Blank plasma samples (50 μl) from six different batches were taken and mixed with working solutions (150 μl) of different concentrations containing IS (266.67 ng/ml). The sample mixture was vortex‐mixed for approximately 1 min and centrifuged at 12,000 rpm for 10 min at 4°C. The supernatant was then transferred to an Eppendorf tube and the required QC samples with low (LQC), medium (MQC), and high (HQC) concentrations were prepared separately. All solutions were stored at −20°C.
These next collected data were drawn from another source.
(* Let $\Omega\subset\mathbb{R}^2$ be the unit disc, with polar coordinates $(r,\phi)$. For $r_1\in(0,1)$ and $\sigma_1>0$ let $R_{\sigma_1,r_1}:H^{-1/2}(\partial\Omega)\to H^{1/2}(\partial\Omega)$ be the Neumann-to-Dirichlet map of the core-shell problem and let $R:H^{-1/2}(\partial\Omega)\to H^{1/2}(\partial\Omega)$ be the Neumann-to-Dirichlet map of the homogeneous disc problem (both defined in the context). Then: (1) for any fixed $r_1\in(0,1)$, $\|R_{\sigma_1,r_1}-R\|\to 0$ as $\sigma_1\to 1$; (2) for any fixed $\sigma_1>0$, $\|R_{\sigma_1,r_1}-R\|\to 0$ as $r_1\to 0$. Here $\|\cdot\|$ denotes the operator norm from $H^{-1/2}(\partial\Omega)$ to $H^{1/2}(\partial\Omega)$.
   Context: $I_n,K_n$ denote the modified Bessel functions of the first and second kind of order $n$. For $g\in H^{-1/2}(\partial\Omega)$ write $g_n=(g,e^{in\phi})$ for its Fourier coefficients. Core-shell problem: given $r_1\in(0,1)$, $\sigma_1>0$, $\psi$ solves $\frac{1}{r}\partial_r(r\partial_r\psi)+\frac{1}{r^2}\partial_\phi^2\psi-\sigma_1^{-1}\psi=0$ for $0<r<r_1$; $\frac{1}{r}\partial_r(r\partial_r\psi)+\frac{1}{r^2}\partial_\phi^2\psi-\psi=0$ for $r_1<r<1$; $\psi|_{r=r_1}^+=\psi|_{r=r_1}^-$, $\partial_r\psi|_{r=r_1}^+=\sigma_1\partial_r\psi|_{r=r_1}^-$ (where $+$/$-$ denote limits from outside/inside the circle $r=r_1$); $\partial_r\psi|_{r=1}=g$; $\psi$ bounded at $r=0$. Then $R_{\sigma_1,r_1}(g)=\psi|_{r=1}$. Explicitly, $R_{\sigma_1,r_1}(g)=\sum_{n\in\mathbb{Z}}\frac{\rho_n K_n(1)-I_n(1)}{\rho_n K_n'(1)-I_n'(1)}g_ne^{in\phi}$, with $\rho_n=\frac{\sigma_1I_n'(r_1/\sqrt{\sigma_1})I_n(r_1)-I_n(r_1/\sqrt{\sigma_1})I_n'(r_1)}{\sigma_1I_n'(r_1/\sqrt{\sigma_1})K_n(r_1)-I_n(r_1/\sqrt{\sigma_1})K_n'(r_1)}$. Homogeneous problem: $\Psi$ solves $\frac{1}{r}\partial_r(r\partial_r\Psi)+\frac{1}{r^2}\partial_\phi^2\Psi-\Psi=0$ for $0<r<1$, $\partial_r\Psi|_{r=1}=g$, $\Psi$ bounded at $r=0$; $R(g)=\Psi|_{r=1}=\sum_{n\in\mathbb{Z}}\frac{I_n(1)}{I_n'(1)}g_ne^{in\phi}$. *)

theory Defs
  imports "HOL-Analysis.Analysis"
begin

definition bessel_I :: "int \<Rightarrow> real \<Rightarrow> real" where
  "bessel_I n x = (\<Sum>k. (x / 2) ^ (2 * k + nat \<bar>n\<bar>) / (fact k * fact (k + nat \<bar>n\<bar>)))"

text \<open>K_n via the standard integral representation, valid for x > 0.\<close>
definition bessel_K :: "int \<Rightarrow> real \<Rightarrow> real" where
  "bessel_K n x = integral {0..} (\<lambda>t. exp (- x * cosh t) * cosh (real_of_int n * t))"

definition bessel_I' :: "int \<Rightarrow> real \<Rightarrow> real" where
  "bessel_I' n x = deriv (bessel_I n) x"

definition bessel_K' :: "int \<Rightarrow> real \<Rightarrow> real" where
  "bessel_K' n x = deriv (bessel_K n) x"

text \<open>Boundary data are represented by their Fourier coefficients g_n = (g, exp(i n phi)), n integer.\<close>

definition rho :: "real \<Rightarrow> real \<Rightarrow> int \<Rightarrow> real" where
  "rho \<sigma>1 r1 n =
     (\<sigma>1 * bessel_I' n (r1 / sqrt \<sigma>1) * bessel_I n r1 - bessel_I n (r1 / sqrt \<sigma>1) * bessel_I' n r1) /
     (\<sigma>1 * bessel_I' n (r1 / sqrt \<sigma>1) * bessel_K n r1 - bessel_I n (r1 / sqrt \<sigma>1) * bessel_K' n r1)"

definition NtD_core :: "real \<Rightarrow> real \<Rightarrow> (int \<Rightarrow> complex) \<Rightarrow> (int \<Rightarrow> complex)" where
  "NtD_core \<sigma>1 r1 g = (\<lambda>n. complex_of_real
      ((rho \<sigma>1 r1 n * bessel_K n 1 - bessel_I n 1) / (rho \<sigma>1 r1 n * bessel_K' n 1 - bessel_I' n 1)) * g n)"

definition NtD_hom :: "(int \<Rightarrow> complex) \<Rightarrow> (int \<Rightarrow> complex)" where
  "NtD_hom g = (\<lambda>n. complex_of_real (bessel_I n 1 / bessel_I' n 1) * g n)"

definition in_Hs :: "real \<Rightarrow> (int \<Rightarrow> complex) \<Rightarrow> bool" where
  "in_Hs s g \<longleftrightarrow> (\<lambda>n. (1 + (real_of_int n)\<^sup>2) powr s * (cmod (g n))\<^sup>2) summable_on UNIV"

definition Hs_norm :: "real \<Rightarrow> (int \<Rightarrow> complex) \<Rightarrow> real" where
  "Hs_norm s g = sqrt (\<Sum>\<^sub>\<infinity>n\<in>UNIV. (1 + (real_of_int n)\<^sup>2) powr s * (cmod (g n))\<^sup>2)"

definition opnorm_Hm_H :: "((int \<Rightarrow> complex) \<Rightarrow> (int \<Rightarrow> complex)) \<Rightarrow> real" where
  "opnorm_Hm_H T = Sup {Hs_norm (1/2) (T g) / Hs_norm (-1/2) g | g. in_Hs (-1/2) g \<and> (\<exists>n. g n \<noteq> 0)}"

end

theory Submission
  imports Defs
begin

text \<open>Both Neumann-to-Dirichlet maps are Fourier multipliers, so the operator norm of their
  difference is controlled by sup_n sqrt (1 + n^2) |m_n|, where m_n is the difference of the two
  symbols. The symbol m_n depends on sigma1 and r1 only through rho_n and vanishes at rho_n = 0, so
  it suffices that every rho_n tends to 0 and that the tail n >= N is uniformly small.

  The power series of I_k gives k/x I_k <= I_k' <= (k/x + x/2) I_k and I_k(r) <= r^k I_k(1); the
  integral representation of K_k gives that K_k and -K_k' are positive and decreasing and that
  -K_k'(1) <= (k + 1) K_k(1). Together these yield |rho_k| <= C(sigma1) r1^k I_k(1) / K_k(1) for
  k >= 1 and then sqrt (1 + k^2) |m_k| <= 8 C(sigma1) (k + 1) r1^k whenever the right-hand side is
  at most 4. This is uniformly small for large k when sigma1 is near 1, and for all k >= 1 when r1
  is small. Each single rho_k tends to 0 by continuity as sigma1 -> 1, and by the same bound (a
  separate one for k = 0) as r1 -> 0.\<close>

section \<open>Fourier multipliers from H^(-1/2) to H^(1/2)\<close>

lemma Hs_norm_nonneg: "0 \<le> Hs_norm s g"
  unfolding Hs_norm_def by (simp add: infsum_nonneg)

lemma Hs_norm_multiplier_le:
  fixes \<mu> :: "int \<Rightarrow> real"
  assumes \<mu>: "\<And>n. sqrt (1 + (real_of_int n)\<^sup>2) * \<bar>\<mu> n\<bar> \<le> \<epsilon>" and g: "in_Hs (-1/2) g"
  shows "Hs_norm (1/2) (\<lambda>n. complex_of_real (\<mu> n) * g n) \<le> \<epsilon> * Hs_norm (-1/2) g"
proof -
  have \<epsilon>: "0 \<le> \<epsilon>"
    using \<mu>[of 0] by simp
  define a where "a n = (1 + (real_of_int n)\<^sup>2) powr (-1/2) * (cmod (g n))\<^sup>2" for n
  define b where "b n = (1 + (real_of_int n)\<^sup>2) powr (1/2) * (cmod (complex_of_real (\<mu> n) * g n))\<^sup>2" for n
  have b_le: "b n \<le> \<epsilon>\<^sup>2 * a n" for n
  proof -
    define w where "w = 1 + (real_of_int n)\<^sup>2"
    have w: "0 < w"
      unfolding w_def by (simp add: add_pos_nonneg)
    have "(sqrt w * \<bar>\<mu> n\<bar>)\<^sup>2 \<le> \<epsilon>\<^sup>2"
      using \<mu>[of n] w unfolding w_def by (intro power_mono) auto
    then have "w * (\<mu> n)\<^sup>2 \<le> \<epsilon>\<^sup>2"
      using w by (simp add: power_mult_distrib)
    then have "(w * (\<mu> n)\<^sup>2) * (w powr (-1/2) * (cmod (g n))\<^sup>2) \<le> \<epsilon>\<^sup>2 * (w powr (-1/2) * (cmod (g n))\<^sup>2)"
      by (rule mult_right_mono) simp
    moreover have "w powr (1/2) = w * w powr (-1/2)"
      using powr_add[of w 1 "-1/2"] w by simp
    ultimately show ?thesis
      unfolding a_def b_def w_def[symmetric] by (simp add: norm_mult power_mult_distrib mult_ac)
  qed
  have a_summable: "a summable_on UNIV"
    using g unfolding in_Hs_def a_def by simp
  have b_summable: "b summable_on UNIV"
    by (rule summable_on_comparison_test[OF summable_on_cmult_right[OF a_summable]])
       (use b_le in \<open>auto simp: b_def\<close>)
  have "infsum b UNIV \<le> \<epsilon>\<^sup>2 * infsum a UNIV"
    using infsum_mono[OF b_summable summable_on_cmult_right[OF a_summable] b_le]
    by (simp add: infsum_cmult_right')
  then have "sqrt (infsum b UNIV) \<le> sqrt (\<epsilon>\<^sup>2 * infsum a UNIV)"
    by simp
  also have "\<dots> = \<epsilon> * sqrt (infsum a UNIV)"
    using \<epsilon> by (simp add: real_sqrt_mult)
  finally show ?thesis
    unfolding Hs_norm_def a_def b_def .
qed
Preparation of plasma sample

Plasma samples were taken out of the refrigerator (−80°C) and allowed to thaw naturally at room temperature. Plasma samples (50 μl) were taken into a 1.5 ml Eppendorf tube and mixed with acetonitrile (150 μl) containing IS working solution (266.67 ng/ml) to precipitate the protein. After vortexing for 1 min and centrifuging at 12,000 rpm for 10 min at 4°C, the supernatant was transferred to labeled vials and 5 μl of the solution was immediately injected into the UHPLC–Q‐Orbitrap system for analysis.

Method validation

According to the Bioanalytical Method Validation Guidance for Industry of the FDA, the UHPLC–Q‐Exactive HRMS method for determination of eight components in beagle plasma was evaluated, including the selectivity, linearity, detection limit and quantitative limit, matrix effects, precision, accuracy and stability.

Selectivity

The selectivity was evaluated by comparing blank plasma from six batches of blank beagle dog plasma, with blank plasma samples spiked with IS (266.67 ng/ml), and working standard solutions at lower limit of quantitation (LLOQ) level and beagle dog plasma sample after oral administration of FZHY at a dose of 400 mg/kg at 360 min to evaluate the interferences of endogenous compounds. No interference of the target chemical components was observed from endogenous substances.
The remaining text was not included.